Plus globalement, l’ensemble des moyens techniques de projection doivent contribuer à renforcer nos capacités en matière de génie écologique. Ces outils sont essentiels dans la mesure où nos forces armées sont de plus en plus amenées à intervenir sur le terrain à des fins de protection des populations, lors de catastrophes naturelles, industrielles, ou encore humanitaires.

Mes chers collègues, il est essentiel de comprendre que les risques environnementaux vont devenir l’un des principaux postes d’intervention. La compétition internationale pour les ressources naturelles nous oblige en effet à adapter nos missions.

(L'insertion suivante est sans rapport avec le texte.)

lemma content_realizable_eigenvalues:
  assumes "content_realizable n k"
  shows "is_eigenvalue (Sym n) (cayley_adj (transpositions n)) (real k)"
    and "is_eigenvalue (Sym n) (cayley_adj (transpositions n)) (- real k)"
proof -
  obtain hs where hs: "frobenius_valid hs" "(\<Sum>(a, b)\<leftarrow>hs. a + b + 1) = n"
    "(\<Sum>(a, b)\<leftarrow>hs. int a * (int a + 1) - int b * (int b + 1)) = 2 * int k"
    using assms unfolding content_realizable_def by blast
  let ?cs = "frobenius_columns hs"
  have "sum_list ?cs = n" and "twice_content (map card (consecutive_blocks 0 ?cs)) = 2 * int k"
    using hs by (simp_all add: sum_list_frobenius_columns twice_content_frobenius_columns
        map_card_consecutive_blocks)
  then show "is_eigenvalue (Sym n) (cayley_adj (transpositions n)) (real k)"
    and "is_eigenvalue (Sym n) (cayley_adj (transpositions n)) (- real k)"
    using transposition_graph_eigenvalues[OF column_partition_consecutive_blocks[of ?cs]] by simp_all
qed

lemma content_realizable_odd:
  assumes "8 \<le> s" and "k < s"
  shows "content_realizable (2 * s + 3) k"
proof -
  consider (zero) "k = 0" | (small) "1 \<le> k" "2 * k \<le> s" | (large) "s + 3 \<le> 2 * k"
    | (half) "2 * k = s + 1" | (half_plus) "2 * k = s + 2"
    by linarith
  then show ?thesis
  proof cases
    case zero
    then show ?thesis
      by (intro content_realizableI[of "[(s + 1, s + 1)]"]) (simp_all add: frobenius_valid_def)
  next
    case small
    then show ?thesis
      by (intro content_realizableI[of "[(s + 1 - k, s + 1 - k), (k, k - 1)]"])
        (auto simp: frobenius_valid_def of_nat_diff algebra_simps)
  next
    case large
    with assms show ?thesis
      by (intro content_realizableI[of "[(k, k - 1), (s + 1 - k, s + 1 - k)]"])
        (auto simp: frobenius_valid_def of_nat_diff algebra_simps)
  next
    case half
    with assms show ?thesis
      by (intro content_realizableI[of "[(s + 1 - k, s + 1 - k), (k - 1, k - 2), (1, 0)]"])
        (auto simp: frobenius_valid_def of_nat_diff algebra_simps)
  next
    case half_plus
    with assms show ?thesis
      by (intro content_realizableI[of "[(s + 1 - k, s + 1 - k), (k - 2, k - 3), (2, 1)]"])
        (auto simp: frobenius_valid_def of_nat_diff algebra_simps)
  qed
qed

lemma content_realizable_even:
  assumes "8 \<le> u" and "k \<le> u"
  shows "content_realizable (2 * u + 4) k"
proof -
  consider (zero) "k = 0" | (one) "k = 1" | (small) "2 \<le> k" "2 * k \<le> u" | (large) "u + 3 \<le> 2 * k"
    | (half) "u + 1 \<le> 2 * k" "2 * k \<le> u + 2"
    by linarith
  then show ?thesis
  proof cases
    case zero
    then show ?thesis
      by (intro content_realizableI[of "[(u + 1, u + 1), (0, 0)]"]) (simp_all add: frobenius_valid_def)
  next
    case one
    with assms show ?thesis
      by (intro content_realizableI[of "[(u - 2, u - 2), (2, 2), (1, 0)]"])
        (auto simp: frobenius_valid_def of_nat_diff algebra_simps)
  next
    case small
    then show ?thesis
      by (intro content_realizableI[of "[(u + 1 - k, u + 1 - k), (k, k - 1), (0, 0)]"])
        (auto simp: frobenius_valid_def of_nat_diff algebra_simps)
  next
    case large
    with assms show ?thesis
      by (intro content_realizableI[of "[(k, k - 1), (u + 1 - k, u + 1 - k), (0, 0)]"])
        (auto simp: frobenius_valid_def of_nat_diff algebra_simps)
  next
    case half
    with assms show ?thesis
      by (intro content_realizableI[of "[(k, k - 1), (k - 2, k - 2), (u + 3 - 2 * k, u + 3 - 2 * k)]"])
        (auto simp: frobenius_valid_def of_nat_diff algebra_simps)
  qed
qed

lemma content_realizable:
  assumes "19 \<le> n" and "2 * k + 4 \<le> n"
  shows "content_realizable n k"
proof (cases "even n")
  case True
  define u where "u = n div 2 - 2"
  have n: "n = 2 * u + 4"
    using True assms(1) unfolding u_def by presburger
  have "content_realizable (2 * u + 4) k"
    by (rule content_realizable_even) (use assms n in linarith)+
  then show ?thesis
    by (simp only: n)
next
  case False
  define s where "s = (n - 3) div 2"
  have n: "n = 2 * s + 3"
    using False assms(1) unfolding s_def by presburger
  have "content_realizable (2 * s + 3) k"
    by (rule content_realizable_odd) (use assms n in linarith)+
  then show ?thesis
    by (simp only: n)
qed

theorem theorem3:
  fixes n :: nat and m :: int
  assumes "n \<ge> 19"
    and "- (real n - 4) / 2 \<le> real_of_int m" and "real_of_int m \<le> (real n - 4) / 2"
  shows "is_eigenvalue (Sym n) (cayley_adj (transpositions n)) (real_of_int m)"
proof -
  have "\<bar>real_of_int m\<bar> \<le> (real n - 4) / 2"
    unfolding abs_le_iff using assms(2,3) by linarith
  then have "real (2 * nat \<bar>m\<bar> + 4) \<le> real n"
    by simp
  then have "content_realizable n (nat \<bar>m\<bar>)"
    using assms(1) by (intro content_realizable) (simp_all only: of_nat_le_iff)
  then show ?thesis
    using content_realizable_eigenvalues[of n "nat \<bar>m\<bar>"] by (cases "0 \<le> m") simp_all
qed

end
lemma exhausting_cutoffs:
  assumes par: "p_parabolic b (\<lambda>_. 0) p" and cnt: "countable (UNIV :: 'a set)"
    and K: "finite K" and \<epsilon>: "\<And>n. \<epsilon> n > 0"
  obtains F v where "F 0 = K" "\<And>x. \<exists>n. x \<in> F n" "\<And>n. cutoff (F n) (F (Suc n)) (\<epsilon> n) (v n)"
proof -
  have "\<forall>S n. \<exists>Tv. finite S \<longrightarrow> cutoff S (fst Tv) (\<epsilon> n) (snd Tv)"
    using parabolic_cutoff[OF par _ \<epsilon>] by simp
  then obtain Tv where Tv: "\<And>S n. finite S \<Longrightarrow> cutoff S (fst (Tv S n)) (\<epsilon> n) (snd (Tv S n))"
    by metis
  define e where "e = from_nat_into (UNIV :: 'a set)"
  define F where "F = rec_nat K (\<lambda>n A. fst (Tv (A \<union> {e n}) n))"
  define v where "v n = snd (Tv (F n \<union> {e n}) n)" for n
  have F_Suc: "F (Suc n) = fst (Tv (F n \<union> {e n}) n)" for n
    by (simp add: F_def)
  have "finite (F n)" for n
    by (induction n) (use K Tv in \<open>auto simp: F_def cutoff_def\<close>)
  then have cut: "cutoff (F n \<union> {e n}) (F (Suc n)) (\<epsilon> n) (v n)" for n
    using Tv by (simp add: v_def F_Suc)
  have "F 0 = K"
    by (simp add: F_def)
  moreover have "\<exists>n. x \<in> F n" for x
  proof -
    obtain n where "e n = x"
      using from_nat_into_surj[OF cnt] unfolding e_def by blast
    then show ?thesis
      using cut[of n] by (auto simp: cutoff_def)
  qed
  moreover have "cutoff (F n) (F (Suc n)) (\<epsilon> n) (v n)" for n
    using cut[of n] by (auto simp: cutoff_def)
  ultimately show ?thesis
    by (rule that)
qed

lemma exists_proper_finite_energy:
  assumes par: "p_parabolic b (\<lambda>_. 0) p" and cnt: "countable (UNIV :: 'a set)" and K: "finite K"
  shows "\<exists>\<psi>. (\<forall>x. 0 \<le> \<psi> x) \<and> (\<forall>x\<in>K. \<psi> x = 0) \<and> finite_energy \<psi> \<and>
             (\<forall>M. \<exists>F. finite F \<and> (\<forall>x. x \<notin> F \<longrightarrow> M < \<psi> x))"
proof -
  define \<epsilon> where "\<epsilon> n = (1/2) ^ n / real (Suc n) powr p" for n
  obtain F v where F: "F 0 = K" "\<And>x. \<exists>n. x \<in> F n"
    and cut: "\<And>n. cutoff (F n) (F (Suc n)) (\<epsilon> n) (v n)"
    using exhausting_cutoffs[OF par cnt K, of \<epsilon>] by (auto simp: \<epsilon>_def)
  have "incseq F"
    using cut by (intro incseq_SucI) (simp add: cutoff_def)
  have v: "\<And>n x. 0 \<le> v n x" "\<And>n x. x \<in> F n \<Longrightarrow> v n x = 0"
    "\<And>n x. x \<notin> F (Suc n) \<Longrightarrow> v n x = 1" "\<And>n. finite_energy (v n)" "\<And>n. E (v n) \<le> \<epsilon> n"
    using cut by (simp_all add: cutoff_def)
  define w where "w n x = real (Suc n) * v n x" for n x
  have w0: "x \<in> F n \<Longrightarrow> w n x = 0" for n x
    by (simp add: w_def v(2))
  have SUP_eq: "(SUP n. w n x) = Max ((\<lambda>n. w n x) ` {..j})" if "x \<in> F j" for x j
    using \<open>incseq F\<close> w0 that by (rule SUP_eq_Max_if_vanishing)
  have w_le_SUP: "w n x \<le> (SUP n. w n x)" for n x
  proof -
    obtain j where "x \<in> F j"
      using F(2) by blast
    then have "x \<in> F (max j n)"
      using incseqD[OF \<open>incseq F\<close>, of j "max j n"] by auto
    have "w n x \<le> Max ((\<lambda>n. w n x) ` {..max j n})"
      by (intro Max_ge) auto
    also have "\<dots> = (SUP n. w n x)"
      using SUP_eq[OF \<open>x \<in> F (max j n)\<close>] by simp
    finally show ?thesis .
  qed
  have energy_w: "finite_energy (w n)" "E (w n) \<le> (1/2) ^ n" for n
  proof -
    have w: "energy_summands b p (w n) = (\<lambda>z. real (Suc n) powr p * energy_summands b p (v n) z)"
      unfolding w_def energy_summands_scale by simp
    show "finite_energy (w n)"
      unfolding w by (intro summable_on_cmult_right v(4))
    have "E (w n) \<le> real (Suc n) powr p * \<epsilon> n"
      unfolding w infsum_cmult_right' by (intro mult_left_mono v(5)) auto
    then show "E (w n) \<le> (1/2) ^ n"
      by (simp add: \<epsilon>_def)
  qed
  have energy_sum: "(\<Sum>n\<in>N. E (w n)) \<le> 2" if "finite N" for N
  proof -
    have "(\<Sum>n\<in>N. E (w n)) \<le> (\<Sum>n\<in>N. (1/2::real) ^ n)"
      by (intro sum_mono energy_w)
    also have "\<dots> \<le> (\<Sum>n. (1/2::real) ^ n)"
      using that by (intro sum_le_suminf summable_geometric) auto
    also have "\<dots> = 2"
      using suminf_geometric[of "1/2::real"] by simp
    finally show ?thesis .
  qed
  have "finite_energy (\<lambda>x. SUP n. w n x)"
    using \<open>incseq F\<close> F(2) w0 energy_w(1) energy_sum by (rule finite_energy_SUP)
  moreover have "0 \<le> (SUP n. w n x)" for x
    using w_le_SUP[of 0 x] v(1)[of 0 x] by (simp add: w_def)
  moreover have "(SUP n. w n x) = 0" if "x \<in> K" for x
    using SUP_eq[of x 0] that F(1) w0 by simp
  moreover have "\<exists>G. finite G \<and> (\<forall>x. x \<notin> G \<longrightarrow> M < (SUP n. w n x))" for M
  proof -
    obtain n where n: "M < real (Suc n)"
      using reals_Archimedean2 less_trans of_nat_less_iff lessI by metis
    have "M < (SUP n. w n x)" if "x \<notin> F (Suc n)" for x
      using n w_le_SUP[of n x] v(3)[OF that] by (simp add: w_def)
    moreover have "finite (F (Suc n))"
      using cut[of n] by (simp add: cutoff_def)
    ultimately show ?thesis
      by blast
  qed
  ultimately show ?thesis
    by (intro exI[of _ "\<lambda>x. SUP n. w n x"]) blast
qed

L’exemple de la marine est particulièrement révélateur. À l’heure actuelle, les moyens sont largement contraints et nous ne sommes plus en mesure de répondre aux objectifs que nous nous fixons. Dans leur rapport d’information de 2012 intitulé Maritimisation : la France face à la nouvelle géopolitique des océans, mes collègues Jeanny Lorgeoux et André Trillard affirment : « on assiste aujourd’hui avec la mondialisation et la raréfaction des ressources terrestres à une transformation de la géopolitique des océans. »

Notre pays dispose d’un espace maritime couvrant plus de onze millions de kilomètres carrés, soit le deuxième au monde. La présence maritime française est donc une priorité, afin de lutter contre la pêche illicite, non déclarée et non réglementée, contre la piraterie et contre le braconnage. Ces activités déstabilisent nos marchés locaux et contribuent à la dégradation de l’environnement.

La question environnementale n’est plus accessoire ; elle revêt même une dimension stratégique essentielle. C’est pourquoi il est indispensable de renforcer notre armée pour en tenir compte.

Monsieur le ministre, pour l’ensemble de ces raisons, le groupe écologiste s’abstiendra lors du vote des crédits de la mission « Défense », dans une démarche qui se veut constructive. (Applaudissements sur les travées du groupe socialiste et du groupe CRC.)